Popper on paradigms in 1932

While Popper was writing the original German version of The Logic of Scientific Discovery during the early 1930s one of the issues on his mind was the rearguard action of Newtonians to resist the scandalous novelty of Einstein’s new theory. He used the term “conventionalism” to describe the attempt to retain an established theory against interloping novelties. This indicates that he was addressing the matter of paradigms (and the difficulty to challenge them) long before Kuhn entered the fray.

He saw that theories can be “immunized” against criticism in several ways – by means of ad hoc hypotheses, by shifting definitions, ignoring inconvenient observations and even by challenging the competence of rival investigators. Kuhn added the string of incommensurability to the conventionalist’s bow and another one is the charge of ideological or political bias.

These conventionalist strategies raised the issue of the social nature of science and the norms, traditions and conventions of the scientific community which he touched without elaboration in chapter 23 of The Open Society and Its Enemies (1945) and in the final sections of The Poverty of Historicism.

“Thus I was led to the idea of methodological rules and…of an approach which avoided the policy of immunizing our theories against refutation.”

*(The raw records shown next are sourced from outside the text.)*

lemma proj_accepted_surj:
  fixes u :: "'g list"
  assumes "length u = 2 ^ 2 ^ l"
  shows "u \<in> proj ` (lang tree_pda \<inter> Lprime l)"
proof -
  let ?w = "bin_word l 0 @ steps_word (traversal l (2 ^ l - 1) 0 u)"
  have "proj ?w = u"
    using assms proj_traversal[of u "2 ^ l - 1"] by simp
  moreover have "?w \<in> lang tree_pda"
    using run_traversal[of 0 "2 ^ l - 1" l "[]" u] by (simp add: lang_def tree_pda_def)
  moreover have "?w \<in> Lprime l"
    using counter_walk_in_Lprime counter_walk_traversal[of 0 "2 ^ l - 1" l u]
    by (simp add: bin_word_zero)
  ultimately show ?thesis
    by (intro image_eqI[of u proj ?w]) auto
qed

theorem claim4p9:
  fixes l :: nat
  shows "\<exists>A :: (nat, nat, 'g::finite letter) pda.
           pda_wf A \<and> card (states A) = 3 \<and> card (stack_alph A) = 2 \<and>
           proj ` (lang A \<inter> Lprime l) = {u :: 'g list. length u = 2 ^ (2 ^ l)}"
proof (intro exI conjI)
  show "pda_wf tree_pda"
    by (rule tree_pda_wf)
  show "card (states tree_pda) = 3" "card (stack_alph tree_pda) = 2"
    by (simp_all add: tree_pda_def)
  show "proj ` (lang tree_pda \<inter> Lprime l) = {u :: 'g list. length u = 2 ^ (2 ^ l)}"
    using length_proj_accepted proj_accepted_surj by blast
qed

end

The next step in the evolution of his ideas in 1932/33 came as he applied the critical approach to the test statements of the empirical basis and he recognised the conjectural and theoretical nature of observation statements. That in turn led to the recognition that all languages are theory-impregnated (the theory-dependence of observations) thus calling for a fundamental change in our perception of empiricism which hitherto had sought the solid foundations of knowledge in the data of observations or inputs from sensory organs.

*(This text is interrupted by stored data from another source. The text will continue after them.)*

definition Vol2 :: "nat \<Rightarrow> real \<Rightarrow> nat \<Rightarrow> nat" where
  "Vol2 n r d = card {y \<in> cube n. real (hamming {} y) \<le> r \<and> real (hamming {..<d} y) \<le> r}"

definition alpha_p :: "real \<Rightarrow> real" where
  "alpha_p p = (1/2) * log 2 (1 / (4 * p * (1 - p)))"

definition event_E :: "nat \<Rightarrow> real \<Rightarrow> nat \<Rightarrow> nat \<Rightarrow> nat set \<Rightarrow> nat set
    \<Rightarrow> (nat \<Rightarrow> nat set) \<Rightarrow> (nat \<Rightarrow> nat set) \<Rightarrow> bool" where
  "event_E n p l L a b x y \<longleftrightarrow>
     (\<forall>i\<in>{1..l}. real (hamming a (x i)) \<le> p * n \<and> real (hamming b (x i)) \<le> p * n) \<and>
     (\<forall>i\<in>{l+1..L}. real (hamming a (x i)) \<le> p * n \<and> real (hamming b (y i)) \<le> p * n)"

text \<open>Probability of E when a, b, x_1..x_L, y_(l+1)..y_L are independent and uniform
  on F_2^n: number of favourable outcomes over the number of outcomes.\<close>
definition prob_E :: "nat \<Rightarrow> real \<Rightarrow> nat \<Rightarrow> nat \<Rightarrow> real" where
  "prob_E n p l L =
     real (card {(a, b, x, y). a \<in> cube n \<and> b \<in> cube n \<and>
                   x \<in> (\<Pi>\<^sub>E i\<in>{1..L}. cube n) \<and> y \<in> (\<Pi>\<^sub>E i\<in>{l+1..L}. cube n) \<and>
                   event_E n p l L a b x y})
     / real (card (cube n \<times> cube n \<times> (\<Pi>\<^sub>E i\<in>{1..L}. cube n) \<times> (\<Pi>\<^sub>E i\<in>{l+1..L}. cube n)))"

end

theory Submission
  imports Defs
begin

text \<open>Write B(a) for the Hamming ball of radius pn around a. The favourable outcomes number
  \<Sum> over a, b of |B(a) \<inter> B(b)|^l \<cdot> Vol^(2(L-l)), and since translations and coordinate
  permutations are isometries of the cube, |B(a) \<inter> B(b)| = Vol(n,pn;\<Delta>(a,b)).
  For the first bound, |B(a) \<inter> B(b)| \<le> Vol and double counting gives
  \<Sum> over b of |B(a) \<inter> B(b)| = Vol^2. For the second, the hypothesis on Vol(n,pn;d)/Vol(n,pn)
  gives |B(a) \<inter> B(b)|^l \<le> Vol^l (C \<surd>n)^L t^\<Delta>(a,b) with t = 2^(-\<alpha> l), and
  \<Sum> over b of t^\<Delta>(a,b) is (1 + t)^n.\<close>

definition hamming_ball :: "nat \<Rightarrow> real \<Rightarrow> nat set \<Rightarrow> nat set set" where
  "hamming_ball n r a = {x \<in> cube n. real (hamming a x) \<le> r}"

lemma finite_cube [simp]: "finite (cube n)"
  by (simp add: cube_def)

lemma finite_hamming_ball [simp]: "finite (hamming_ball n r a)"
  by (simp add: hamming_ball_def)

lemma card_cube: "card (cube n) = 2 ^ n"
  by (simp add: cube_def card_Pow)

lemma sym_diff_in_cube: "x \<in> cube n \<Longrightarrow> a \<in> cube n \<Longrightarrow> sym_diff x a \<in> cube n"
  by (auto simp: cube_def)

lemma hamming_commute: "hamming x y = hamming y x"
  by (simp add: hamming_def Un_commute)

lemma hamming_translate: "hamming (sym_diff x a) (sym_diff y a) = hamming x y"
  unfolding hamming_def by (rule arg_cong[where f = card]) blast

lemma hamming_image:
  assumes "inj_on f A" and "x \<subseteq> A" and "y \<subseteq> A"
  shows "hamming (f ` x) (f ` y) = hamming x y"
proof -
  have "sym_diff (f ` x) (f ` y) = f ` sym_diff x y"
    using assms unfolding inj_on_def by blast
  moreover have "inj_on f (sym_diff x y)"
    using assms by (blast intro: inj_on_subset)
  ultimately show ?thesis
    by (simp add: hamming_def card_image)
qed

lemma hamming_le: "x \<in> cube n \<Longrightarrow> y \<in> cube n \<Longrightarrow> hamming x y \<le> n"
  unfolding hamming_def cube_def
  by (metis Pow_iff card_lessThan card_mono finite_lessThan Diff_subset le_supI subset_trans)

lemma bij_betw_translate_cube:
  "a \<in> cube n \<Longrightarrow> bij_betw (\<lambda>x. sym_diff x a) (cube n) (cube n)"
  by (rule bij_betw_byWitness[where f' = "\<lambda>x. sym_diff x a"]) (auto simp: cube_def)

lemma bij_betw_image_cube:
  "bij_betw f {..<n} {..<n} \<Longrightarrow> bij_betw ((`) f) (cube n) (cube n)"
  unfolding cube_def by (rule bij_betw_Pow)

lemma exists_bij_betw_onto_subset:
  assumes "finite A" and "B \<subseteq> A" and "C \<subseteq> A" and "card B = card C"
  shows "\<exists>f. bij_betw f A A \<and> f ` B = C"
proof -
  have "finite B" "finite C" "finite (A - B)" "finite (A - C)"
    using assms by (auto intro: finite_subset)
  moreover have "card (A - B) = card (A - C)"
    using assms by (simp add: card_Diff_subset finite_subset)
  ultimately obtain g h where g: "bij_betw g B C" and h: "bij_betw h (A - B) (A - C)"
    using assms(4) finite_same_card_bij by metis
  define f where "f x = (if x \<in> B then g x else h x)" for x
  have "bij_betw f B C" "bij_betw f (A - B) (A - C)"
    using g h by (auto simp: f_def intro: bij_betw_cong[THEN iffD1, rotated])
  then have "bij_betw f (B \<union> (A - B)) (C \<union> (A - C))"
    by (rule bij_betw_combine) blast
  moreover have "B \<union> (A - B) = A" "C \<union> (A - C) = A"
    using assms by auto
  ultimately show ?thesis
    using \<open>bij_betw f B C\<close> by (auto simp: bij_betw_def)
qed

lemma card_hamming_ball_inter_isometry:
  assumes g: "bij_betw g (cube n) (cube n)"
    and iso: "\<And>x y. x \<in> cube n \<Longrightarrow> y \<in> cube n \<Longrightarrow> hamming (g x) (g y) = hamming x y"
    and "a \<in> cube n" and "b \<in> cube n"
  shows "card (hamming_ball n r (g a) \<inter> hamming_ball n r (g b))
       = card (hamming_ball n r a \<inter> hamming_ball n r b)"
proof -
  have "g ` (hamming_ball n r a \<inter> hamming_ball n r b)
      = hamming_ball n r (g a) \<inter> hamming_ball n r (g b)"
  proof (intro equalityI subsetI)
    fix z assume z: "z \<in> hamming_ball n r (g a) \<inter> hamming_ball n r (g b)"
    then obtain x where "x \<in> cube n" "z = g x"
      using g by (auto simp: hamming_ball_def bij_betw_def)
    with z show "z \<in> g ` (hamming_ball n r a \<inter> hamming_ball n r b)"
      using assms(3,4) by (auto simp: hamming_ball_def iso)
  qed (use g assms(3,4) in \<open>auto simp: hamming_ball_def bij_betw_def iso\<close>)
  moreover have "inj_on g (hamming_ball n r a \<inter> hamming_ball n r b)"
    using g by (auto simp: bij_betw_def hamming_ball_def intro: inj_on_subset)
  ultimately show ?thesis
    by (metis card_image)
qed

lemma card_hamming_ball_inter:
  assumes a: "a \<in> cube n" and b: "b \<in> cube n"
  shows "card (hamming_ball n r a \<inter> hamming_ball n r b) = Vol2 n r (hamming a b)"
proof -
  let ?c = "sym_diff b a"
  have c: "?c \<in> cube n"
    using b a by (rule sym_diff_in_cube)
  obtain f where f: "bij_betw f {..<n} {..<n}" "f ` ?c = {..<card ?c}"
    using exists_bij_betw_onto_subset[of "{..<n}" ?c "{..<card ?c}"] c hamming_le[OF b a]
    by (auto simp: cube_def hamming_def)
  have "card (hamming_ball n r a \<inter> hamming_ball n r b)
      = card (hamming_ball n r {} \<inter> hamming_ball n r ?c)"
    using card_hamming_ball_inter_isometry[OF bij_betw_translate_cube[OF a] hamming_translate a b]
    by (simp add: Diff_eq)
  also have "\<dots> = card (hamming_ball n r (f ` {}) \<inter> hamming_ball n r (f ` ?c))"
    using card_hamming_ball_inter_isometry[OF bij_betw_image_cube[OF f(1)] _ _ c, of "{}"] f(1)
    by (auto simp: hamming_image bij_betw_def cube_def)
  also have "\<dots> = Vol2 n r (hamming a b)"
    using hamming_commute[of b a]
    by (simp add: f(2) Vol2_def hamming_ball_def hamming_def Int_def conj_ac)
  finally show ?thesis .
qed

lemma Vol2_zero: "Vol2 n r 0 = Vol n r"
  by (simp add: Vol2_def Vol_def)

lemma Vol2_le_Vol: "Vol2 n r d \<le> Vol n r"
  unfolding Vol2_def Vol_def by (rule card_mono) auto

lemma Vol_pos: "0 \<le> r \<Longrightarrow> 0 < Vol n r"
  unfolding Vol_def by (subst card_gt_0_iff) (auto simp: cube_def hamming_def)

lemma card_hamming_ball: "a \<in> cube n \<Longrightarrow> card (hamming_ball n r a) = Vol n r"
  using card_hamming_ball_inter[of a n a r] by (simp add: hamming_def Vol2_zero)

“It also made me look upon the critical attitude as characteristic of the rational attitude; and it led me to see the significance of the argumentative (or critical) function of language; to the idea of deductive logic as the means of criticism…And it further led me to realize that only a formulated theory (rather than a believed theory) can be objective, and to the idea that it is this formulation or objectivity that makes criticism possible; and so to my theory of a ‘third world’.”

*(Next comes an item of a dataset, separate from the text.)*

(* Let $N\ge 1$, let $\lambda_1,\dots,\lambda_N$ be distinct nonzero real numbers and $\Lambda=\operatorname{diag}(\lambda_1,\dots,\lambda_N)$. Let $u,f,g$ be smooth complex-valued functions and $v_1,v_2$ smooth real-valued functions of $(x,y,t)$ on a domain. Suppose that for each $\alpha=1,\dots,N$ the vector $F_\alpha=(\phi_{1\alpha},\phi_{2\alpha},\phi_{3\alpha})^T$ is a smooth solution of the Lax system $$F_{\alpha,x}=W^x(\lambda_\alpha)F_\alpha,\qquad F_{\alpha,y}=W^y(\lambda_\alpha)F_\alpha,\qquad F_{\alpha,t}=W^t(\lambda_\alpha)F_\alpha .$$ Then the Lax equations $$L_x(\lambda)=[W^x(\lambda),L(\lambda)],\qquad L_y(\lambda)=[W^y(\lambda),L(\lambda)],\qquad L_t(\lambda)=[W^t(\lambda),L(\lambda)]$$ hold for all $\lambda\in\mathbb C\setminus\{\lambda_1,\dots,\lambda_N\}$ if and only if $$\langle\Phi_2,\Phi_1\rangle=-\mathrm{i}\,u,\qquad \langle\Phi_3,\Phi_1\rangle=f,\qquad \langle\Phi_3,\Phi_2\rangle=-g .$$
   Context: Notation: $\Phi_j=(\phi_{j1},\dots,\phi_{jN})^T\in\mathbb C^N$ for $j=1,2,3$; for $V,W\in\mathbb C^N$, $\langle V,W\rangle=V^*W=\sum_\alpha \bar V_\alpha W_\alpha$, so $\langle\Phi_i,\Lambda^m\Phi_j\rangle=\sum_{\alpha=1}^N\lambda_\alpha^m\bar\phi_{i\alpha}\phi_{j\alpha}$. The Lax matrices are $$W^x(\lambda)=\begin{pmatrix}\mathrm{i}\lambda&0&\mathrm{i}f\\0&\mathrm{i}\lambda&\mathrm{i}g\\ \mathrm{i}\bar f&\mathrm{i}\bar g&0\end{pmatrix},\qquad W^y(\lambda)=\begin{pmatrix}\mathrm{i}\lambda&u&\mathrm{i}f\\-\bar u&-\mathrm{i}\lambda&-\mathrm{i}g\\ \mathrm{i}\bar f&-\mathrm{i}\bar g&0\end{pmatrix},$$ $$W^t(\lambda)=\begin{pmatrix}-2\mathrm{i}\lambda^2+\mathrm{i}|u|^2+\mathrm{i}v_1 & -2u\lambda+\mathrm{i}u_y & -2\mathrm{i}f\lambda-2f_y\\ 2\bar u\lambda+\mathrm{i}\bar u_y & 2\mathrm{i}\lambda^2-\mathrm{i}|u|^2-\mathrm{i}v_2 & 2\mathrm{i}g\lambda-2g_y\\ -2\mathrm{i}\bar f\lambda+2\bar f_y & 2\mathrm{i}\bar g\lambda+2\bar g_y & -2\mathrm{i}(|f|^2-|g|^2)\end{pmatrix}.$$ The matrix $L(\lambda)$ is $$L(\lambda)=C+\sum_{\alpha=1}^N\frac{1}{\lambda-\lambda_\alpha}F_\alpha F_\alpha^*,\qquad C=\operatorname{diag}(1,-1,0),$$ i.e. $L(\lambda)_{ab}=C_{ab}+\sum_\alpha \phi_{a\alpha}\bar\phi_{b\alpha}/(\lambda-\lambda_\alpha)$. *)

theory Defs
  imports "HOL-Analysis.Analysis"
begin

That evolution of thinking is sketched in the final section of chapter 2 in Objective Knnowledge (1970) moving from demarcation and induction to the rules of the game, to theories of language and the ideas of objective knowledge and the evolutionary link between language and critical thinking. As Jarvie demonstrated in The Republic of Science, all those themes were present in Popper’s first published work and it took a lifetime to draw out some of their implications.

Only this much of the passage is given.